[Stored data]
────────

(* If $\mathcal M$ is a uniform oriented matroid with $\operatorname{rank}(\mathcal M)\ge 4$ and $\operatorname{corank}(\mathcal M)\ge 2$, then $\mathcal M$ has a minor isomorphic to the alternating oriented matroid $C^{6,4}$.
   Context: An oriented matroid of rank $d$ on $E$ (given by signed circuits) is uniform if the supports of its circuits are exactly all $(d+1)$-element subsets of $E$; corank is $|E|-\operatorname{rank}$. Minors are obtained by sequences of deletions and contractions of elements. $C^{n,d}$ on $[n]$ has as circuits the signed sets $(I^{odd},I^{even})$ and $(I^{even},I^{odd})$ for $(d+1)$-subsets $I=\{i_1<\dots<i_{d+1}\}$, with $I^{odd}=\{i_1,i_3,\dots\}$, $I^{even}=\{i_2,i_4,\dots\}$. Isomorphism: reorientation of a subset of elements followed by bijective relabeling. *)

theory Defs
  imports Main
begin

text \<open>Signed sets are pairs (positive part, negative part).\<close>
type_synonym 'a signed = "'a set \<times> 'a set"

definition supp :: "'a signed \<Rightarrow> 'a set" where
  "supp X = fst X \<union> snd X"

definition neg :: "'a signed \<Rightarrow> 'a signed" where
  "neg X = (snd X, fst X)"

definition oriented_matroid :: "'a set \<Rightarrow> 'a signed set \<Rightarrow> bool" where
  "oriented_matroid E C \<longleftrightarrow>
     finite E \<and>
     (\<forall>X\<in>C. fst X \<inter> snd X = {} \<and> supp X \<subseteq> E) \<and>
     ({}, {}) \<notin> C \<and>
     (\<forall>X\<in>C. neg X \<in> C) \<and>
     (\<forall>X\<in>C. \<forall>Y\<in>C. supp X \<subseteq> supp Y \<longrightarrow> X = Y \<or> X = neg Y) \<and>
     (\<forall>X\<in>C. \<forall>Y\<in>C. \<forall>e. X \<noteq> neg Y \<and> e \<in> fst X \<inter> snd Y \<longrightarrow>
        (\<exists>Z\<in>C. fst Z \<subseteq> (fst X \<union> fst Y) - {e} \<and> snd Z \<subseteq> (snd X \<union> snd Y) - {e}))"

definition uniform_OM :: "'a set \<Rightarrow> 'a signed set \<Rightarrow> nat \<Rightarrow> bool" where
  "uniform_OM E C d \<longleftrightarrow> oriented_matroid E C \<and> d \<le> card E \<and>
     supp ` C = {I. I \<subseteq> E \<and> card I = d + 1}"

definition deletion :: "'a set \<times> 'a signed set \<Rightarrow> 'a \<Rightarrow> 'a set \<times> 'a signed set" where
  "deletion M e = (fst M - {e}, {X \<in> snd M. e \<notin> supp X})"

definition contraction :: "'a set \<times> 'a signed set \<Rightarrow> 'a \<Rightarrow> 'a set \<times> 'a signed set" where
  "contraction M e =
     (let D = (\<lambda>X. (fst X - {e}, snd X - {e})) ` snd M - {({}, {})}
      in (fst M - {e}, {X \<in> D. \<forall>Y\<in>D. supp Y \<subseteq> supp X \<longrightarrow> supp Y = supp X}))"

inductive minor :: "'a set \<times> 'a signed set \<Rightarrow> 'a set \<times> 'a signed set \<Rightarrow> bool" where
  minor_refl: "minor M M"
| minor_del: "minor N M \<Longrightarrow> e \<in> fst N \<Longrightarrow> minor (deletion N e) M"
| minor_con: "minor N M \<Longrightarrow> e \<in> fst N \<Longrightarrow> minor (contraction N e) M"

definition reorient :: "'a set \<Rightarrow> 'a signed \<Rightarrow> 'a signed" where
  "reorient A X = ((fst X - A) \<union> (snd X \<inter> A), (snd X - A) \<union> (fst X \<inter> A))"

definition relabel :: "('a \<Rightarrow> 'b) \<Rightarrow> 'a signed \<Rightarrow> 'b signed" where
  "relabel f X = (f ` fst X, f ` snd X)"

definition om_iso :: "'a set \<times> 'a signed set \<Rightarrow> 'b set \<times> 'b signed set \<Rightarrow> bool" where
  "om_iso M M' \<longleftrightarrow> (\<exists>A f. A \<subseteq> fst M \<and> bij_betw f (fst M) (fst M') \<and>
      snd M' = (\<lambda>X. relabel f (reorient A X)) ` snd M)"

text \<open>Elements of I in odd / even position (1-indexed) in increasing order.\<close>
definition odd_part :: "nat set \<Rightarrow> nat set" where
  "odd_part I = {i \<in> I. even (card {j \<in> I. j < i})}"

definition even_part :: "nat set \<Rightarrow> nat set" where
  "even_part I = {i \<in> I. odd (card {j \<in> I. j < i})}"
(* Let $G$ and $H$ be connected graphs of order at least two such that neither $G$ nor $H$ is a complete graph. Suppose $\textnormal{diam}(G\diamond H)=3$, neither $G$ nor $H$ has a pair of distinct adjacent twins, $G$ has neither a universal vertex nor a $\gamma_G$-pair, and $H$ has a $\gamma_H$-pair. (a) If $V(H)\setminus\mathbb{P}(H)=\{h^*\}$ for a single vertex $h^*$, then $(G\diamond H)_{\rm SR}\cong \overline{G}\cup\frac{|V(G)|(|V(H)|-1)}{2}K_2$. (b) If $V(H)=\mathbb{P}(H)$, then $(G\diamond H)_{\rm SR}\cong\frac{|V(G)||V(H)|}{2}K_2$.
   Context: All graphs are finite, simple and undirected; $d(x,y)$ is the shortest-path distance; $\overline{X}$ denotes the complement of $X$; $kK_2$ is the disjoint union of $k$ copies of $K_2$ and $\cup$ denotes disjoint union; $N_X[x]=N_X(x)\cup\{x\}$. A universal vertex of $X$ is a vertex adjacent to all other vertices. Distinct vertices $u,w$ are adjacent twins if $N[u]=N[w]$. A set $D$ is a dominating set of $X$ if $\bigcup_{x\in D}N[x]=V(X)$. A pair $\{u,w\}$ is a $\gamma_X$-pair if $\{u,w\}$ is a minimum dominating set of $X$ with $N_X[u]\cap N_X[w]=\emptyset$ and $N_X[u]\cup N_X[w]=V(X)$; $\mathbb{P}(X)$ is the set of vertices of $X$ belonging to some $\gamma_X$-pair. The modular product $G\diamond H$ has vertex set $V(G)\times V(H)$, and $(g,h)$, $(g',h')$ are adjacent iff one of the following holds: ($g=g'$ and $hh'\in E(H)$), or ($h=h'$ and $gg'\in E(G)$), or ($gg'\in E(G)$ and $hh'\in E(H)$), or ($gg'\in E(\overline{G})$ and $hh'\in E(\overline{H})$). A vertex $u$ is maximally distant from $v$ if $d(u,v)\ge d(w,v)$ for every neighbor $w$ of $u$; $u,v$ are mutually maximally distant (MMD) if each is maximally distant from the other. For a connected graph $X$, the strong resolving graph $X_{\rm SR}$ has vertex set $\{x\in V(X): x\text{ is MMD with some }y\}$ and edges exactly the MMD pairs of $X$. *)

theory Defs
  imports Main
begin
lemma duu_count_eq_card:
  "duu_count p = card {i. i + 2 < length p \<and> \<not> p ! i \<and> p ! (i + 1) \<and> p ! (i + 2)}"
proof (induction p rule: duu_count.induct)
  case (1 a b c xs)
  let ?S = "\<lambda>p. {i. i + 2 < length p \<and> \<not> p ! i \<and> p ! (i + 1) \<and> p ! (i + 2)}"
  have "?S (a # b # c # xs) = (if \<not> a \<and> b \<and> c then {0} else {}) \<union> Suc ` ?S (b # c # xs)"
  proof (rule set_eqI)
    show "i \<in> ?S (a # b # c # xs) \<longleftrightarrow>
      i \<in> (if \<not> a \<and> b \<and> c then {0} else {}) \<union> Suc ` ?S (b # c # xs)" for i
      by (cases i) auto
  qed
  moreover have "finite (?S (b # c # xs))"
    by (rule finite_subset[of _ "{..<length (b # c # xs)}"]) auto
  ultimately show ?case using 1 by (simp add: card_image)
qed simp_all

lemma ascent_length_ge_2_iff:
  "ascent_length p i \<ge> 2 \<longleftrightarrow> Suc i < length p \<and> p ! i \<and> p ! Suc i"
proof (cases "Suc i < length p")
  case True
  then have "drop i p = p ! i # p ! Suc i # drop (Suc (Suc i)) p"
    by (metis Cons_nth_drop_Suc Suc_lessD)
  then show ?thesis using True by (simp add: ascent_length_def)
next
  case False
  have "length (takeWhile id (drop i p)) \<le> length (drop i p)"
    by (rule length_takeWhile_le)
  also have "\<dots> \<le> 1" using False by simp
  finally show ?thesis using False by (simp add: ascent_length_def)
qed

lemma long_noninitial_ascents_eq_duu_count:
  assumes "p \<noteq> []" "hd p"
  shows "long_noninitial_ascents p = duu_count p"
proof -
  have "0 \<in> ascent_starts p" using assms by (simp add: ascent_starts_def hd_conv_nth)
  moreover have "finite (ascent_starts p)" by (simp add: ascent_starts_def)
  ultimately have "Min (ascent_starts p) = 0" by (meson Min_eqI le0)
  then have "{i \<in> ascent_starts p. i \<noteq> Min (ascent_starts p) \<and> ascent_length p i \<ge> 2}
      = Suc ` {i. i + 2 < length p \<and> \<not> p ! i \<and> p ! (i + 1) \<and> p ! (i + 2)}"
    by (auto simp: ascent_starts_def ascent_length_ge_2_iff image_iff gr0_conv_Suc)
  then show ?thesis
    unfolding long_noninitial_ascents_def duu_count_eq_card by (simp add: card_image)
qed

lemma duu_count_Cons_True: "duu_count (True # ys) = duu_count ys"
  by (cases ys rule: remdups_adj.cases) auto

lemma duu_count_Cons_Cons_False: "duu_count (a # False # ys) = duu_count (False # ys)"
  by (cases ys) auto

lemma duu_count_False_True:
  "duu_count (False # True # ys) = (if ys \<noteq> [] \<and> hd ys then 1 else 0) + duu_count (True # ys)"
  by (cases ys) auto

lemma duu_count_snoc_False: "duu_count (xs @ [False]) = duu_count xs"
  by (induction xs rule: duu_count.induct) auto

lemma duu_count_append_False:
  "duu_count (xs @ False # ys) = duu_count (xs @ [False]) + duu_count (False # ys)"
  by (induction xs rule: duu_count.induct) (auto simp: duu_count_Cons_Cons_False)

lemma hill_from_append:
  "hill_from h (xs @ b # ys) \<longleftrightarrow>
     hill_from h (xs @ [b]) \<or> hill_from (h + end_height xs) (b # ys)"
proof (induction xs arbitrary: h)
  case (Cons a xs)
  then show ?case by (cases xs) (auto simp: add.assoc)
qed simp

lemma hill_from_snoc_True: "hill_from h (xs @ [True]) \<longleftrightarrow> hill_from h xs"
proof (induction xs arbitrary: h)
  case (Cons a xs)
  then show ?case by (cases xs) auto
qed simp

lemma no_hill_above_axis: "stays_nonneg h xs \<Longrightarrow> \<not> hill_from (h + 1) (xs @ [b])"
proof (induction xs arbitrary: h)
  case (Cons a xs)
  then have "\<not> hill_from (h + 1 + step_height a) (xs @ [b])"
    using Cons.IH[of "h + step_height a"] by (simp add: algebra_simps)
  with Cons.prems show ?case by (cases xs) auto
qed simp

section \<open>The last-return decomposition\<close>

lemma is_dyck_Nil [simp]: "is_dyck []"
  by (simp add: is_dyck_def)

lemma is_dyck_ConsD: "is_dyck (b # xs) \<Longrightarrow> b"
  by (auto simp: is_dyck_def step_height_def split: if_splits dest: stays_nonneg_start)

lemma long_noninitial_ascents_dyck:
  assumes "is_dyck p"
  shows "long_noninitial_ascents p = duu_count p"
proof (cases p)
  case Nil
  then show ?thesis by (simp add: long_noninitial_ascents_def ascent_starts_def)
next
  case (Cons b xs)
  with assms have b by (blast dest: is_dyck_ConsD)
  with Cons show ?thesis by (intro long_noninitial_ascents_eq_duu_count) auto
qed

lemma is_dyck_snocE:
  assumes "is_dyck q" "q \<noteq> []"
  obtains q' where "q = q' @ [False]"
proof -
  obtain q' b where q: "q = q' @ [b]" using assms(2) by (metis rev_exhaust)
  have "b = False"
  proof (rule ccontr)
    assume "b \<noteq> False"
    then have "end_height q' = -1" using assms(1) q by (simp add: is_dyck_def step_height_def)
    moreover have "stays_nonneg 0 q'" using assms(1) q by (simp add: is_dyck_def stays_nonneg_append)
    ultimately show False using stays_nonneg_end[of 0 q'] by simp
  qed
  with q that show ?thesis by blast
qed

lemma split_at_first_descent:
  "end_height xs \<le> -1 \<Longrightarrow> \<exists>ys zs. xs = ys @ False # zs \<and> is_dyck ys"
proof (induction "length xs" arbitrary: xs rule: less_induct)
  case less
  then obtain b xs' where xs: "xs = b # xs'" by (cases xs) auto
  show ?case
  proof (cases b)
    case False
    with xs show ?thesis by (intro exI[of _ "[]"] exI[of _ xs']) auto
  next
    case True
    then have "end_height xs' \<le> -1" using less.prems xs by (simp add: step_height_def)
    then obtain ys1 zs1 where 1: "xs' = ys1 @ False # zs1" "is_dyck ys1"
      using less.hyps[of xs'] xs by auto
    have "end_height zs1 \<le> -1" using less.prems xs True 1 by (simp add: step_height_def is_dyck_def)
    then obtain ys2 zs2 where 2: "zs1 = ys2 @ False # zs2" "is_dyck ys2"
      using less.hyps[of zs1] xs 1 by auto
    have "is_dyck (True # ys1 @ False # ys2)"
      using 1(2) 2(2) by (auto simp: is_dyck_def step_height_def stays_nonneg_append intro: stays_nonneg_mono)
    with xs True 1 2 show ?thesis by (intro exI[of _ "True # ys1 @ False # ys2"] exI[of _ zs2]) auto
  qed
qed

────────

Directions: Output, from the data above, the lines from the line with "set \<Rightarrow> 'a set" to the line with "snd M' = (\<lambda>X." exactly as they stand, both ends included and nothing else.

Written reply:
inductive minor :: "'a set \<times> 'a signed set \<Rightarrow> 'a set \<times> 'a signed set \<Rightarrow> bool" where
  minor_refl: "minor M M"
| minor_del: "minor N M \<Longrightarrow> e \<in> fst N \<Longrightarrow> minor (deletion N e) M"
| minor_con: "minor N M \<Longrightarrow> e \<in> fst N \<Longrightarrow> minor (contraction N e) M"

definition reorient :: "'a set \<Rightarrow> 'a signed \<Rightarrow> 'a signed" where
  "reorient A X = ((fst X - A) \<union> (snd X \<inter> A), (snd X - A) \<union> (fst X \<inter> A))"

definition relabel :: "('a \<Rightarrow> 'b) \<Rightarrow> 'a signed \<Rightarrow> 'b signed" where
  "relabel f X = (f ` fst X, f ` snd X)"

definition om_iso :: "'a set \<times> 'a signed set \<Rightarrow> 'b set \<times> 'b signed set \<Rightarrow> bool" where
  "om_iso M M' \<longleftrightarrow> (\<exists>A f. A \<subseteq> fst M \<and> bij_betw f (fst M) (fst M') \<and>
      snd M' = (\<lambda>X. relabel f (reorient A X)) ` snd M)"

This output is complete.